There’s something different about this year though.
Yep, you guessed it.
That buzzword that we can’t go a minute without seeing.
AI.
I’ve been experimenting with AI just like everyone else this year (hint: JustIDJobs is powered by AI), and I think a major breakthrough in my thinking is that AI is amazing at taking unstructured input and effortlessly converting it to structured output.
And a perfect application of this capability is in the organization of work.
A lot of the slog of maintaining a digital productivity system is the upkeep of capturing all manner of inputs (notes, images, to-dos, articles, book highlights etc.) and tagging them with the right metadata (date of capture, project its related to, attendees of meetings, etc.) to make it easy to recall and use later.
Being able to do this consistently is the crux of maintaining the system, and if you fall off this wagon your system deteriorates in usefulness very quickly.
I am sometimes good at this, and sometimes (usually in times of higher stress or workload) very bad at it. Though it seems easy to add a few pieces of information every time you capture something, that tiny bit of added friction adds up over the course of the day and eventually you can’t be bothered.
Enter AI.
AI is great at doing this kind of information processing almost instantaneously, across all manner of inputs, and without you having to apply any effort. AI tools can now summarize notes, tag images, clean up data, and some even allow you to have a conversation with information that you’ve saved.
So as 2023 is coming to a close, I’m on the hunt for an AI-powered tool that will take the slog out of my system, and maybe help me achieve the frictionless organization and productivity holy grail.
Right now, I’m playing with a tool called mymind. It features effortless capture through drag and drop or a browser extension, support for a wide range of inputs, AI tagging, color and object recognition for images, and more. It also has a search-first (rather than file system based) philosophy that I’m intrigued by. I’ve been following the development of this tool for some time, but only now find it’s features compelling enough to jump in.
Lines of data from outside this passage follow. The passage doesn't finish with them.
(* Let $\mathcal{U}\subseteq\mathbb{R}^n$ be a domain and $F=u\,\phi(r,s)$ a spherically symmetric Finsler metric on $\mathcal{U}$, where $u=|y|$, $r=|x|$, $s=\langle x,y\rangle/|y|$ and $\phi$ is smooth. Then the Cartan torsion of $F$ can be written as $$C_{ijk}=\frac{\mathcal{P}}{n+1}\big\{h_{ij}I_k+h_{jk}I_i+h_{ki}I_j\big\}+\frac{\mathcal{Q}}{\|\mathbf{I}\|^2}I_iI_jI_k,$$ where $$\mathcal{P}=\frac{(n+1)\big[(\phi-s\phi_s)\phi_s-s\phi\phi_{ss}\big]\big[\phi-s\phi_s+(r^2-s^2)\phi_{ss}\big]}{(n+1)\big[(\phi-s\phi_s)\phi_s-s\phi\phi_{ss}\big]\big[\phi-s\phi_s+(r^2-s^2)\phi_{ss}\big]+(r^2-s^2)\big[(\phi-s\phi_s)\phi_{sss}+3s\phi_{ss}^2\big]\phi},$$ $$\mathcal{Q}=\frac{(r^2-s^2)\big[(\phi-s\phi_s)\phi_{sss}+3s\phi_{ss}^2\big]\phi^2}{(n+1)\big[(\phi-s\phi_s)\phi_s-s\phi\phi_{ss}\big]\big[\phi-s\phi_s+(r^2-s^2)\phi_{ss}\big]\phi+(r^2-s^2)\big[(\phi-s\phi_s)\phi_{sss}+3s\phi_{ss}^2\big]\phi^2}.$$
   Context: Here $|\cdot|$, $\langle\cdot,\cdot\rangle$ are the Euclidean norm and inner product; subscripts $s$ denote partial derivatives in $s$. For a Finsler metric $F$: $g_{ij}=\tfrac12(F^2)_{y^iy^j}$, $(g^{ij})$ its inverse, $C_{ijk}=\tfrac12\partial g_{ij}/\partial y^k$ the Cartan torsion, $I_i=g^{jk}C_{ijk}$ the mean Cartan torsion, $\|\mathbf{I}\|^2=g^{ij}I_iI_j$, and $h_{ij}=g_{ij}-F_{y^i}F_{y^j}$ the angular metric. *)

theory Defs
  imports "HOL-Analysis.Analysis"
begin

fun Ck_on :: "nat \<Rightarrow> 'a::euclidean_space set \<Rightarrow> ('a \<Rightarrow> real) \<Rightarrow> bool" where
  "Ck_on 0 S f = continuous_on S f"
| "Ck_on (Suc k) S f =
     (\<exists>f'. (\<forall>z\<in>S. (f has_derivative f' z) (at z)) \<and> (\<forall>v\<in>Basis. Ck_on k S (\<lambda>z. f' z v)))"

definition smooth_on :: "'a::euclidean_space set \<Rightarrow> ('a \<Rightarrow> real) \<Rightarrow> bool" where
  "smooth_on S f \<longleftrightarrow> open S \<and> (\<forall>k. Ck_on k S f)"

definition pd :: "(real^'n \<Rightarrow> real) \<Rightarrow> 'n \<Rightarrow> real^'n \<Rightarrow> real" where
  "pd f i y = deriv (\<lambda>t. f (y + t *\<^sub>R axis i 1)) 0"

definition dS :: "(real \<Rightarrow> real \<Rightarrow> real) \<Rightarrow> real \<Rightarrow> real \<Rightarrow> real" where
  "dS phi r s = deriv (\<lambda>t. phi r t) s"

definition fund_g :: "(real^'n \<Rightarrow> real^'n \<Rightarrow> real) \<Rightarrow> real^'n \<Rightarrow> real^'n \<Rightarrow> 'n \<Rightarrow> 'n \<Rightarrow> real" where
  "fund_g F x y i j = 1/2 * pd (\<lambda>w. pd (\<lambda>v. (F x v)^2) j w) i y"
(* Let $Q^f$ be a kernel operator on $\mathcal{X}$ satisfying Assumptions 1, 2 and 3, let $\Lambda>0$ be the spectral radius of $Q^f$ on $L^\infty_W(\mathcal{X})$ and $h\in L^\infty_W(\mathcal{X})$ an eigenfunction with $Q^fh=\Lambda h$, $\|h\|_{L^\infty_W}=1$ and $0<h(x)<+\infty$ for all $x$ (such $h$ exists). Define the $h$-transformed kernel $Q_h\phi=\Lambda^{-1}h^{-1}Q^f(h\phi)$. Then $Q_h$ is a Markov kernel ($Q_h\mathbb{1}=\mathbb{1}$), $Wh^{-1}\geq1$, and $Wh^{-1}$ is a Lyapunov function for $Q_h$, i.e. there exist $\gamma\in(0,1)$ and $C\geq0$ with $Q_h(Wh^{-1})\leq\gamma Wh^{-1}+C$. Moreover, $Q_h$ has a unique invariant probability measure $\mu_h\in\mathcal{P}(\mathcal{X})$, it satisfies $\mu_h(Wh^{-1})<+\infty$, and there exist constants $c>0$ and $\bar\alpha\in(0,1)$ such that for every $\phi\in L^\infty_{Wh^{-1}}(\mathcal{X})$ and every $k\geq1$, $$\big\|Q_h^k\phi-\mu_h(\phi)\big\|_{L^\infty_{Wh^{-1}}}\leq c\,\bar\alpha^k\,\|\phi-\mu_h(\phi)\|_{L^\infty_{Wh^{-1}}}.$$
   Context: $\mathcal{X}$ is a Polish space and $\mathcal{P}(\mathcal{X})$ denotes the set of probability measures on $\mathcal{X}$. A kernel operator $Q^f$ on $\mathcal{X}$ is a map such that for every $x\in\mathcal{X}$, $Q^f(x,\cdot)$ is a positive measure of finite mass, and for every measurable $A\subset\mathcal{X}$, $x\mapsto Q^f(x,A)$ is measurable; one writes $(Q^f\varphi)(x)=\int_{\mathcal{X}}\varphi(y)\,Q^f(x,dy)$, $\mu(\varphi)=\int\varphi\,d\mu$, and $\mathbb{1}$ for the constant function $1$. $(K_n)_{n\geq1}$ is a fixed increasing sequence of compact subsets of $\mathcal{X}$ such that every compact $K\subset\mathcal{X}$ is contained in some $K_m$. For a measurable $V:\mathcal{X}\to[1,+\infty)$, $L^\infty_V(\mathcal{X})$ is the Banach space of measurable $\varphi$ with $\|\varphi\|_{L^\infty_V}:=\sup_{x}|\varphi(x)|/V(x)<+\infty$. Assumption 1 (Lyapunov): there exist $W:\mathcal{X}\to[1,+\infty)$ bounded on compact sets and positive sequences $(\gamma_n)_{n\ge1}$, $(b_n)_{n\ge1}$ with $\gamma_n\to0$ such that for all $n\geq1$, $Q^fW\leq \gamma_n W+b_n\mathbb{1}_{K_n}$ pointwise. Assumption 2 (minorization and irreducibility): for each $n\geq1$ there exist $\eta_n\in\mathcal{P}(\mathcal{X})$ and $\alpha_n>0$ such that $Q^f(x,\cdot)\geq\alpha_n\eta_n(\cdot)$ (as measures) for all $x\in K_n$; moreover, for any $n_0\geq1$ and any $\varphi\in L^\infty_W(\mathcal{X})$ with $\varphi\geq0$, if $\eta_n(\varphi)=0$ for all $n\geq n_0$, then $(Q^f\varphi)(x)=0$ for all $x\in\mathcal{X}$. Assumption 3 (local regularity): for every $n\geq1$ and every measurable function $\varphi$ bounded on $K_n$, the function $Q^f(\varphi\mathbb{1}_{K_n})$ is continuous on $K_n$. The spectral radius of $Q^f$ on $L^\infty_W(\mathcal{X})$ is $\Lambda=\lim_{k\to\infty}\|(Q^f)^k\|^{1/k}$ (operator norm on $L^\infty_W$). *)

theory Defs
  imports "HOL-Probability.Probability"
begin

definition is_kernel :: "('a::polish_space \<Rightarrow> 'a measure) \<Rightarrow> bool" where
  "is_kernel Q \<longleftrightarrow>
     (\<forall>x. sets (Q x) = sets borel \<and> finite_measure (Q x)) \<and>
     (\<forall>A\<in>sets borel. (\<lambda>x. emeasure (Q x) A) \<in> borel_measurable borel)"

definition kop :: "('a \<Rightarrow> 'a measure) \<Rightarrow> ('a \<Rightarrow> real) \<Rightarrow> 'a \<Rightarrow> real" where
  "kop Q \<phi> x = (\<integral>y. \<phi> y \<partial>(Q x))"

definition normV :: "('a \<Rightarrow> real) \<Rightarrow> ('a \<Rightarrow> real) \<Rightarrow> real" where
  "normV V \<phi> = (SUP x. \<bar>\<phi> x\<bar> / V x)"

definition LinfV :: "('a::topological_space \<Rightarrow> real) \<Rightarrow> ('a \<Rightarrow> real) set" where
  "LinfV V = {\<phi>. \<phi> \<in> borel_measurable borel \<and> bdd_above (range (\<lambda>x. \<bar>\<phi> x\<bar> / V x))}"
Of all the AI-assisted organization tools I’ve seen, it is also the only one made by a designer, which could make it more relevant to the kinds of information I work with, and gives it an edge in its visual design. It has a touch of beauty and elegance that other tools lack.
It’s still early in my experimentation, and I’ve been through enough tools to know that a shiny new tool isn’t necessarily going to totally change my life. But if I figure out a decent new system for how I organize my work, I’ll be sure to share before the end of the year!
What systems do you have for organizing your work?
Do you have any AI tools to recommend?